*** Begin section ***

lemma moment_0_pos: "moment 0 > 0"
  unfolding moment_def using integrable_moment[of 0] density_pos by (simp add: integral_lborel_pos)

lemma integrable_central_moment: "integrable lborel (\<lambda>x. (x - mean) ^ k * f x)"
proof -
  have "(x - mean) ^ k * f x = (\<Sum>i\<le>k. (of_nat (k choose i) * (- mean) ^ (k - i)) * (x ^ i * f x))" for x
    using binomial_ring[of x "- mean" k] by (simp add: sum_distrib_left sum_distrib_right algebra_simps)
  then show ?thesis
    by (simp add: integrable_moment)
qed

lemma has_bochner_integral_moment: "has_bochner_integral lborel (\<lambda>x. x ^ k * f x) (moment k)"
  unfolding moment_def by (rule has_bochner_integral_integrable[OF integrable_moment])

lemma central_moment_0: "central_moment 0 = moment 0"
  by (simp add: central_moment_def moment_def)

lemma central_moment_1: "central_moment 1 = 0"
proof -
  have expand: "(\<lambda>x. (x - mean) ^ 1 * f x) = (\<lambda>x. x ^ 1 * f x - mean * (x ^ 0 * f x))"
    by (simp add: algebra_simps)
  have "central_moment 1 = moment 1 - mean * moment 0"
    unfolding central_moment_def expand
    by (intro has_bochner_integral_integral_eq has_bochner_integral_diff has_bochner_integral_mult_right
        has_bochner_integral_moment)
  then show ?thesis
    using moment_0_pos by (simp add: mean_def)
qed

lemma central_moment_3:
  "central_moment 3 = moment 3 - 3 * mean * moment 2 + 3 * mean\<^sup>2 * moment 1 - mean ^ 3 * moment 0"
proof -
  have expand: "(\<lambda>x. (x - mean) ^ 3 * f x) =
      (\<lambda>x. x ^ 3 * f x - 3 * mean * (x ^ 2 * f x) + 3 * mean\<^sup>2 * (x ^ 1 * f x) - mean ^ 3 * (x ^ 0 * f x))"
    by (simp add: fun_eq_iff algebra_simps power2_eq_square power3_eq_cube)
  show ?thesis
    unfolding central_moment_def expand
    by (intro has_bochner_integral_integral_eq has_bochner_integral_diff has_bochner_integral_add
        has_bochner_integral_mult_right has_bochner_integral_moment)
qed

lemma third_cumulant:
  "moment 3 / moment 0 - 3 * (moment 1 / moment 0) * (moment 2 / moment 0) + 2 * (moment 1 / moment 0) ^ 3
    = central_moment 3 / moment 0"
  using moment_0_pos by (simp add: central_moment_3 mean_def field_simps power2_eq_square power3_eq_cube)

lemma continuous_density: "continuous_on UNIV f"
  using density_deriv by (meson DERIV_isCont continuous_at_imp_continuous_on)

lemma lower_central_moment_deriv:
  "(lower_central_moment k has_real_derivative (y - mean) ^ k * f y) (at y)"
  unfolding lower_central_moment_def
  using continuous_density integrable_central_moment
  by (intro integral_upto_has_real_derivative continuous_intros)

lemma lower_central_moment_tendsto_at_bot: "(lower_central_moment k \<longlongrightarrow> 0) at_bot"
  unfolding lower_central_moment_def using integrable_central_moment by (rule integral_upto_tendsto_at_bot)

lemma lower_central_moment_tendsto_at_top: "(lower_central_moment k \<longlongrightarrow> central_moment k) at_top"
  unfolding lower_central_moment_def central_moment_def
  using integrable_central_moment by (rule integral_upto_tendsto_at_top)

lemma lower_central_moment_1_tendsto_at_top: "(lower_central_moment 1 \<longlongrightarrow> 0) at_top"
  using lower_central_moment_tendsto_at_top[of 1] unfolding central_moment_1 .

lemma deviation_density_tendsto_at_top: "((\<lambda>y. (y - mean) * f y) \<longlongrightarrow> 0) at_top"
  and deviation_density_tendsto_at_bot: "((\<lambda>y. (y - mean) * f y) \<longlongrightarrow> 0) at_bot"
  using tendsto_diff[OF moment_tendsto_at_top[of 1] tendsto_mult_right_zero[OF moment_tendsto_at_top[of 0]]]
    tendsto_diff[OF moment_tendsto_at_bot[of 1] tendsto_mult_right_zero[OF moment_tendsto_at_bot[of 0]]]
  by (simp_all add: algebra_simps)

lemma score_mono:
  assumes "x \<le> y"
  shows "g x \<le> g y"
proof (rule DERIV_nonneg_imp_nondecreasing[OF assms])
  show "\<exists>d. (g has_real_derivative d) (at s) \<and> d \<ge> 0" for s
    using score_deriv[of s] score_deriv_nonneg[of s] by blast
qed

lemma score_below_tangent: "g y \<le> g a + g' a * (y - a)"
  using score_deriv score_deriv_antimono by (rule antimono_deriv_imp_below_tangent)

text \<open>Jensen's inequality for the concave score: \<open>g * f = - f'\<close> integrates to \<open>0\<close>,
  and \<open>\<Phi>\<close> below is a primitive of \<open>(g mean + g' mean * (y - mean) - g y) * f y \<ge> 0\<close>.\<close>

lemma score_mean_nonneg: "g mean \<ge> 0"
proof -
  define \<Phi> where "\<Phi> y = f y + g mean * lower_central_moment 0 y + g' mean * lower_central_moment 1 y" for y
  have \<Phi>_deriv: "(\<Phi> has_real_derivative f y * (g mean + g' mean * (y - mean) - g y)) (at y)" for y
  proof -
    have "(\<Phi> has_real_derivative - g y * f y + g mean * ((y - mean) ^ 0 * f y) + g' mean * ((y - mean) ^ 1 * f y)) (at y)"
      unfolding \<Phi>_def[abs_def]
      by (intro derivative_intros DERIV_cmult density_deriv lower_central_moment_deriv)
    then show ?thesis
      by (simp add: algebra_simps)
  qed
  have \<Phi>_deriv_nonneg: "f y * (g mean + g' mean * (y - mean) - g y) \<ge> 0" for y
    using score_below_tangent[of y mean] density_pos[of y] by simp
  have "(\<Phi> \<longlongrightarrow> 0 + g mean * 0 + g' mean * 0) at_bot"
    unfolding \<Phi>_def[abs_def] using moment_tendsto_at_bot[of 0]
    by (intro tendsto_intros lower_central_moment_tendsto_at_bot) simp
  then have "0 \<le> \<Phi> 0"
    using DERIV_nonneg_imp_lim_at_bot_le[OF \<Phi>_deriv \<Phi>_deriv_nonneg] by simp
  moreover have "(\<Phi> \<longlongrightarrow> 0 + g mean * moment 0 + g' mean * 0) at_top"
    unfolding \<Phi>_def[abs_def] using moment_tendsto_at_top[of 0]
      lower_central_moment_tendsto_at_top[of 0, unfolded central_moment_0]
      lower_central_moment_1_tendsto_at_top
    by (intro tendsto_intros) simp_all
  then have "\<Phi> 0 \<le> g mean * moment 0"
    using DERIV_nonneg_imp_le_lim_at_top[OF \<Phi>_deriv \<Phi>_deriv_nonneg] by simp
  ultimately have "0 \<le> g mean * moment 0"
    by linarith
  then show ?thesis
    using moment_0_pos by (simp add: zero_le_mult_iff)
qed

lemma score_pos_somewhere: "\<exists>y. g y > 0"
proof (rule ccontr)
  assume "\<nexists>y. g y > 0"
  then have f_deriv_nonneg: "\<exists>d. (f has_real_derivative d) (at s) \<and> 0 \<le> d" for s
    using density_deriv[of s] density_pos[of s]
    by (intro exI[of _ "- g s * f s"]) (simp add: not_less mult_nonpos_nonneg less_imp_le)
  then have "f 0 \<le> f y" if "0 \<le> y" for y
    by (rule DERIV_nonneg_imp_nondecreasing[OF that])
  then have "f 0 \<le> 0"
    using moment_tendsto_at_top[of 0]
    by (intro tendsto_lowerbound[of f 0 at_top]) (auto intro: eventually_ge_at_top[THEN eventually_mono])
  with density_pos[of 0] show False
    by simp
qed

lemma score_zero_imp_le_mean:
  assumes "g x = 0"
  shows "x \<le> mean"
proof (rule ccontr)
  assume "\<not> x \<le> mean"
  have "0 \<le> g' x * (mean - x)"
    using score_below_tangent[of mean x] score_mean_nonneg assms by simp
  then have "g' x = 0"
    using \<open>\<not> x \<le> mean\<close> score_deriv_nonneg[of x] by (simp add: zero_le_mult_iff)
  then have "g y \<le> 0" for y
    using score_below_tangent[of y x] assms by simp
  with score_pos_somewhere show False
    by (meson not_less)
qed

lemma deviation_mul_score_deriv_le_score: "(y - mean) * g' y \<le> g y"
  using score_below_tangent[of mean y] score_mean_nonneg by (simp add: algebra_simps)

lemma lower_central_moment_1_nonpos: "lower_central_moment 1 y \<le> 0"
proof (cases "y \<le> mean")
  case True
  have "- 0 \<le> - lower_central_moment 1 y"
  proof (rule DERIV_nonneg_imp_lim_at_bot_le[where F = "\<lambda>s. - lower_central_moment 1 s"])
    show "((\<lambda>s. - lower_central_moment 1 s) has_real_derivative - ((s - mean) ^ 1 * f s)) (at s)"
      if "s \<le> y" for s
      by (intro derivative_intros lower_central_moment_deriv)
    show "- ((s - mean) ^ 1 * f s) \<ge> 0" if "s \<le> y" for s
      using that True density_pos[of s] by (simp add: mult_nonpos_nonneg)
    show "((\<lambda>s. - lower_central_moment 1 s) \<longlongrightarrow> - 0) at_bot"
      by (intro tendsto_intros lower_central_moment_tendsto_at_bot)
  qed
  then show ?thesis
    by simp
next
  case False
  show ?thesis
  proof (rule DERIV_nonneg_imp_le_lim_at_top[OF lower_central_moment_deriv])
    show "(s - mean) ^ 1 * f s \<ge> 0" if "s \<ge> y" for s
      using that False density_pos[of s] by simp
    show "(lower_central_moment 1 \<longlongrightarrow> 0) at_top"
      by (rule lower_central_moment_1_tendsto_at_top)
  qed
qed

text \<open>\<open>score_mul_lower_central_moment_1_le\<close> below says that \<open>deviation_ratio\<close> is
  nondecreasing. Where \<open>g\<close> does not vanish, it follows from the monotonicity of
  \<open>lower_central_moment 1 y + (y - mean) * f y / g y\<close> on the half-line on which \<open>g\<close> keeps its
  sign; the concavity of \<open>g\<close> enters through \<open>deviation_mul_score_deriv_le_score\<close>.\<close>

lemma lower_central_moment_1_plus_quotient_deriv:
  assumes "g y \<noteq> 0"
  shows "((\<lambda>y. lower_central_moment 1 y + (y - mean) * f y / g y) has_real_derivative
    f y * (g y - (y - mean) * g' y) / (g y)\<^sup>2) (at y)"
  using assms
  by (auto intro!: derivative_eq_intros lower_central_moment_deriv density_deriv score_deriv
      simp: field_simps power2_eq_square)

lemma lower_central_moment_1_plus_quotient_deriv_nonneg: "f y * (g y - (y - mean) * g' y) / (g y)\<^sup>2 \<ge> 0"
  using deviation_mul_score_deriv_le_score[of y] density_pos[of y] by simp

lemma score_mul_lower_central_moment_1_le_of_pos:
  assumes pos: "g x > 0"
  shows "g x * lower_central_moment 1 x + (x - mean) * f x \<le> 0"
proof -
  define N where "N y = lower_central_moment 1 y + (y - mean) * f y / g y" for y
  have "((\<lambda>y. (y - mean) * f y / g y) \<longlongrightarrow> 0) at_top"
  proof (rule tendsto_0_le[OF deviation_density_tendsto_at_top])
    show "\<forall>\<^sub>F y in at_top. norm ((y - mean) * f y / g y) \<le> norm ((y - mean) * f y) * (1 / g x)"
      using eventually_ge_at_top[of x]
    proof eventually_elim
      case (elim y)
      then show ?case
        using pos score_mono[OF elim] by (simp add: abs_divide divide_simps mult_left_mono)
    qed
  qed
  then have "(N \<longlongrightarrow> 0) at_top"
    unfolding N_def[abs_def] using tendsto_add[OF lower_central_moment_1_tendsto_at_top] by simp
  then have "N x \<le> 0"
  proof (rule DERIV_nonneg_imp_le_lim_at_top[rotated 2])
    show "(N has_real_derivative f t * (g t - (t - mean) * g' t) / (g t)\<^sup>2) (at t)" if "t \<ge> x" for t
      unfolding N_def[abs_def] using pos score_mono[OF that]
      by (intro lower_central_moment_1_plus_quotient_deriv) simp
  qed (rule lower_central_moment_1_plus_quotient_deriv_nonneg)
  then have "g x * N x \<le> 0"
    using pos by (simp add: mult_nonneg_nonpos)
  moreover have "g x * N x = g x * lower_central_moment 1 x + (x - mean) * f x"
    using pos by (simp add: N_def field_simps)
  ultimately show ?thesis
    by linarith
qed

*** End section ***

What to do: Repeat each line of the data above, exactly as it appears, from the first through the line that contains "x = (\<Sum>i\<le>k.".

Answer to the exercise:
lemma moment_0_pos: "moment 0 > 0"
  unfolding moment_def using integrable_moment[of 0] density_pos by (simp add: integral_lborel_pos)

lemma integrable_central_moment: "integrable lborel (\<lambda>x. (x - mean) ^ k * f x)"
proof -
  have "(x - mean) ^ k * f x = (\<Sum>i\<le>k. (of_nat (k choose i) * (- mean) ^ (k - i)) * (x ^ i * f x))" for x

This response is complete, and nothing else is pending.